# letter of return to work after maternity leave???



## darkangel1981

can anyone help me out with a template??? or point me in the right direction. im useless at this sort of thing!

many thanks x


----------



## Cutieboy

I'm not sure what you mean? :wacko: What kind of letter is it? Your not resigning? Why do you need a letter when you return to work, what do you want the letter to say? x


----------



## Lettuce

I emailed my boss first, to double check dates, then wrote to her.

It said :

Dear (name),
I am writing to inform you of my intention to return to work on 3rd April 2012, after using my annual leave (13days). Therefore my maternity leave will end on 2nd March. 
I will be working Monday, Tuesday's and Fridays from 8:30 til 5pm as previously discussed.
Best wishes,


----------



## Kelly81

Mine said


_*Amendment to contracted hours*

I can confirm as per my email of 25th January 2012 that I would like to amend my contracted working hours when I return from Maternity Leave on 2nd April 2012.

I would like to reduce my hours from 35 to a 28 hour week, working seven hours daily from Monday to Thursday, 8.30am &#8211; 4.30pm.
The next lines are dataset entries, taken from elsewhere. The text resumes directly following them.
lemma jtp_coeff_Suc_Suc:
  "jtp_coeff q (Suc n) (Suc (Suc k)) = q ^ (2 * n + 1) * jtp_coeff q n k
     + (1 + q ^ (4 * n + 2)) * jtp_coeff q n (Suc k) + q ^ (2 * n + 1) * jtp_coeff q n (Suc (Suc k))"
proof -
  define G where "G j = qbinomial (q ^ 2) (2 * n) j" for j
  define e where "e = jtp_exponent (Suc n) (Suc (Suc k))"
  have first: "(q ^ 2) ^ (2 * n - k) * G k * q ^ e = q ^ (2 * n + 1) * jtp_coeff q n k"
  proof (cases "k \<le> 2 * n")
    case True
    then have "int (2 * (2 * n - k)) = 4 * int n - 2 * int k"
      by (simp add: of_nat_diff)
    then have "2 * (2 * n - k) + e = (2 * n + 1) + jtp_exponent n k"
      unfolding e_def by (intro of_nat_eq_iff[where 'a=int, THEN iffD1])
        (simp only: of_nat_add, simp add: int_jtp_exponent power2_eq_square algebra_simps)
    then have "(q ^ 2) ^ (2 * n - k) * q ^ e = q ^ (2 * n + 1) * q ^ jtp_exponent n k"
      by (metis power_add power_mult)
    then have "G k * ((q ^ 2) ^ (2 * n - k) * q ^ e) = G k * (q ^ (2 * n + 1) * q ^ jtp_exponent n k)"
      by simp
    then show ?thesis
      unfolding jtp_coeff_def G_def[symmetric] by (simp only: mult_ac)
  qed (simp add: G_def jtp_coeff_def qbinomial_eq_0)
  have middle: "e = jtp_exponent n (Suc k)"
    by (simp add: e_def jtp_exponent_def algebra_simps)
  have "2 * Suc (Suc k) + e = (2 * n + 1) + jtp_exponent n (Suc (Suc k))"
    unfolding e_def by (rule of_nat_eq_iff[where 'a=int, THEN iffD1])
      (simp add: int_jtp_exponent power2_eq_square algebra_simps)
  then have "(q ^ 2) ^ Suc (Suc k) * q ^ e = q ^ (2 * n + 1) * q ^ jtp_exponent n (Suc (Suc k))"
    by (metis power_add power_mult)
  then have "G (Suc (Suc k)) * ((q ^ 2) ^ Suc (Suc k) * q ^ e)
      = G (Suc (Suc k)) * (q ^ (2 * n + 1) * q ^ jtp_exponent n (Suc (Suc k)))"
    by simp
  then have last: "(q ^ 2) ^ Suc (Suc k) * G (Suc (Suc k)) * q ^ e = q ^ (2 * n + 1) * jtp_coeff q n (Suc (Suc k))"
    unfolding jtp_coeff_def G_def[symmetric] by (simp only: mult_ac)
  have "(q ^ 2) ^ Suc (2 * n) = q ^ (4 * n + 2)"
    by (simp only: power_mult[symmetric]) (simp add: algebra_simps)
  moreover have "jtp_coeff q (Suc n) (Suc (Suc k)) = (q ^ 2) ^ (2 * n - k) * G k * q ^ e
      + (1 + (q ^ 2) ^ Suc (2 * n)) * (G (Suc k) * q ^ e) + (q ^ 2) ^ Suc (Suc k) * G (Suc (Suc k)) * q ^ e"
    using qbinomial_Suc_Suc_twice[of "q ^ 2" "2 * n" k]
    by (simp add: jtp_coeff_def G_def e_def algebra_simps)
  ultimately show ?thesis
    unfolding first last by (simp add: middle jtp_coeff_def G_def)
qed

theorem finite_jacobi_triple_product:
  "(\<Sum>k\<le>2 * n. jtp_coeff q n k * w ^ k) = (\<Prod>i=1..n. (1 + w * q ^ (2 * i - 1)) * (w + q ^ (2 * i - 1)))"
proof (induction n)
  case 0
  show ?case
    by (simp add: jtp_coeff_def jtp_exponent_def)
next
  case (Suc n)
  have "2 * Suc n = 2 * n + 2"
    by simp
  then have "(\<Sum>k\<le>2 * Suc n. jtp_coeff q (Suc n) k * w ^ k)
      = (q ^ (2 * n + 1) * w ^ 2 + (1 + q ^ (4 * n + 2)) * w + q ^ (2 * n + 1))
        * (\<Sum>k\<le>2 * n. jtp_coeff q n k * w ^ k)"
    by (simp only:) (rule sum_mult_quadratic[where c = "jtp_coeff q n" and M = "2 * n"],
      simp_all only: jtp_coeff_eq_0 jtp_coeff_Suc_0 jtp_coeff_Suc_1 jtp_coeff_Suc_Suc)
  also have "q ^ (2 * n + 1) * w ^ 2 + (1 + q ^ (4 * n + 2)) * w + q ^ (2 * n + 1)
      = (1 + w * q ^ (2 * Suc n - 1)) * (w + q ^ (2 * Suc n - 1))"
    by (simp add: algebra_simps power2_eq_square power_add[symmetric])
  also have "(\<Sum>k\<le>2 * n. jtp_coeff q n k * w ^ k)
      = (\<Prod>i=1..n. (1 + w * q ^ (2 * i - 1)) * (w + q ^ (2 * i - 1)))"
    by (rule Suc.IH)
  finally show ?case
    by (subst prod.nat_ivl_Suc') simp_all
qed

lemma qpochhammer_X_power: "qpochhammer (fps_X ^ r) n = euler_trunc n r"
  by (simp add: qpochhammer_def euler_trunc_def power_mult[symmetric] mult.commute)

lemma euler_trunc_2_agree: "m \<le> j \<Longrightarrow> fps_agree (2 * m + 1) (euler_trunc j 2) (euler_fps 2)"
  using euler_trunc_agree_euler_fps[of 2 m j] by simp

lemma unit_inv_euler_trunc_2_agree:
  "m \<le> j \<Longrightarrow> fps_agree (2 * m + 1) (unit_inv (euler_trunc j 2)) (unit_inv (euler_fps 2))"
  by (rule fps_agree_right_inverse[OF unit_inv_right unit_inv_right euler_trunc_2_agree])
    (simp_all add: euler_trunc_nth_0)

text \<open>Since the Gaussian binomial is a ratio of three truncated Euler products in q^2,
  its central coefficients approximate 1/f_2.\<close>

lemma qbinomial_agree:
  assumes "k \<le> N" "m \<le> k" "m \<le> N - k"
  shows "fps_agree (2 * m + 1) (qbinomial (fps_X ^ 2) N k) (unit_inv (euler_fps 2))"
proof -
  define g where "g = qbinomial (fps_X ^ 2 :: int fps) N k"
  have unit: "euler_trunc j 2 * unit_inv (euler_trunc j 2) = 1" for j
    by (rule unit_inv_right) (simp add: euler_trunc_nth_0)
  have prod: "g * euler_trunc k 2 * euler_trunc (N - k) 2 = euler_trunc N 2"
    using qbinomial_qpochhammer[OF assms(1), of "fps_X ^ 2 :: int fps"]
    by (simp add: g_def qpochhammer_X_power)
  have "euler_trunc N 2 * unit_inv (euler_trunc k 2) * unit_inv (euler_trunc (N - k) 2)
      = g * (euler_trunc k 2 * unit_inv (euler_trunc k 2))
          * (euler_trunc (N - k) 2 * unit_inv (euler_trunc (N - k) 2))"
    unfolding prod[symmetric] by (simp add: mult_ac)
  then have "g = euler_trunc N 2 * unit_inv (euler_trunc k 2) * unit_inv (euler_trunc (N - k) 2)"
    by (simp add: unit)
  moreover have "fps_agree (2 * m + 1)
      (euler_trunc N 2 * unit_inv (euler_trunc k 2) * unit_inv (euler_trunc (N - k) 2))
      (euler_fps 2 * unit_inv (euler_fps 2) * unit_inv (euler_fps 2))"
    using assms by (intro fps_agree_mult euler_trunc_2_agree unit_inv_euler_trunc_2_agree) simp_all
  ultimately show ?thesis
    by (simp add: g_def unit_inv_right)
qed

definition bilateral_summable :: "(int \<Rightarrow> 'a::zero fps) \<Rightarrow> bool" where
  "bilateral_summable a \<longleftrightarrow> (\<forall>j i. int i + 1 < \<bar>j\<bar> \<longrightarrow> a j $ i = 0)"

text \<open>The sum of a j over all integers j; for a summable family the terms with |j| > i + 1
  do not contribute to the coefficient of q^i.\<close>

definition bilateral_sum :: "(int \<Rightarrow> 'a::comm_monoid_add fps) \<Rightarrow> 'a fps" where
  "bilateral_sum a = Abs_fps (\<lambda>i. \<Sum>j\<in>{- int i - 1..int i + 1}. a j $ i)"

lemma sum_atMost_shift_int: "(\<Sum>k\<le>2 * n. f (int k - int n)) = (\<Sum>j\<in>{- int n..int n}. f j)"
  by (rule sum.reindex_bij_witness[of _ "\<lambda>j. nat (j + int n)" "\<lambda>k. int k - int n"]) auto

lemma bilateral_sum_agree:
  assumes "bilateral_summable a" "D < n"
  shows "fps_agree D (\<Sum>k\<le>2 * n. a (int k - int n)) (bilateral_sum a)"
  unfolding fps_agree_def
proof (intro allI impI)
  fix i assume i: "i \<le> D"
  have "(\<Sum>k\<le>2 * n. a (int k - int n)) $ i = (\<Sum>j\<in>{- int n..int n}. a j $ i)"
    by (simp add: fps_sum_nth sum_atMost_shift_int[of "\<lambda>j. a j $ i"])
  also have "\<dots> = (\<Sum>j\<in>{- int i - 1..int i + 1}. a j $ i)"
  proof (rule sum.mono_neutral_right)
    show "{- int i - 1..int i + 1} \<subseteq> {- int n..int n}"
      using i assms(2) by auto
    show "\<forall>j\<in>{- int n..int n} - {- int i - 1..int i + 1}. a j $ i = 0"
      using assms(1) unfolding bilateral_summable_def by auto
  qed simp
  finally show "(\<Sum>k\<le>2 * n. a (int k - int n)) $ i = bilateral_sum a $ i"
    by (simp add: bilateral_sum_def)
qed

text \<open>The weight of a j tends to 1/f_2 while a j has order at least |j| - 1, so only finitely
  many terms matter below any given order.\<close>

lemma qbinomial_weighted_sum_agree:
  assumes "bilateral_summable a" "D < n"
  shows "fps_agree D (\<Sum>k\<le>2 * n. qbinomial (fps_X ^ 2) (2 * n) k * a (int k - int n))
    (unit_inv (euler_fps 2) * bilateral_sum a)"
proof -
  have "fps_agree D (qbinomial (fps_X ^ 2) (2 * n) k * a (int k - int n))
      (unit_inv (euler_fps 2) * a (int k - int n))" if k: "k \<le> 2 * n" for k
  proof -
    define m where "m = min k (2 * n - k)"
    define s where "s = nat (\<bar>int k - int n\<bar> - 1)"
    have "fps_agree (2 * m + 1 + s) (qbinomial (fps_X ^ 2) (2 * n) k * a (int k - int n))
        (unit_inv (euler_fps 2) * a (int k - int n))"
    proof (rule fps_agree_mult_high_order)
      show "fps_agree (2 * m + 1) (qbinomial (fps_X ^ 2) (2 * n) k) (unit_inv (euler_fps 2))"
        using k by (intro qbinomial_agree) (simp_all add: m_def)
      show "a (int k - int n) $ i = 0" if "i < s" for i
        using assms(1) that unfolding bilateral_summable_def s_def by auto
    qed
    moreover have "D \<le> 2 * m + 1 + s"
      using assms(2) k unfolding m_def s_def by auto
    ultimately show ?thesis
      by (rule fps_agree_mono)
  qed
  then have "fps_agree D (\<Sum>k\<le>2 * n. qbinomial (fps_X ^ 2) (2 * n) k * a (int k - int n))
      (\<Sum>k\<le>2 * n. unit_inv (euler_fps 2) * a (int k - int n))"
    by (intro fps_agree_sum) simp
  moreover have "fps_agree D (\<Sum>k\<le>2 * n. unit_inv (euler_fps 2) * a (int k - int n))
      (unit_inv (euler_fps 2) * bilateral_sum a)"
    unfolding sum_distrib_left[symmetric] by (intro fps_agree_mult fps_agree_refl bilateral_sum_agree assms)
  ultimately show ?thesis
    by (rule fps_agree_trans)
qed

lemma bilateral_sum_compose_uminus:
  "bilateral_sum a oo - fps_X = bilateral_sum (\<lambda>j. a j oo - (fps_X :: 'a::comm_ring_1 fps))"
  by (simp add: fps_eq_iff fps_compose_uminus' bilateral_sum_def sum_distrib_left)

lemma bilateral_summable_compose_uminus:
  fixes a :: "int \<Rightarrow> 'a::comm_ring_1 fps"
  shows "bilateral_summable a \<Longrightarrow> bilateral_summable (\<lambda>j. a j oo - fps_X)"
  by (simp add: bilateral_summable_def fps_compose_uminus')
Please do not hesitate to contact me if there are any problems with this arrangement.]_

Then they informed me I had to use holiday accrued this year before changing my T&C's so I'm not back until 12th April, hence the reason I'm still sat on BNB!


----------



## J23

I sent my letter to my boss who forwarded to HR. Mine just said:

_Dear ...

I am writing to inform you that I intend to return from work following Maternity Leave on Monday 2 April 2012. 

Kind regards _

I agreed my annual leave and TOIL for KIT days separately with my boss. I don't actually go back FT until 2 July.


----------



## darkangel1981

thanks so much ladies x


----------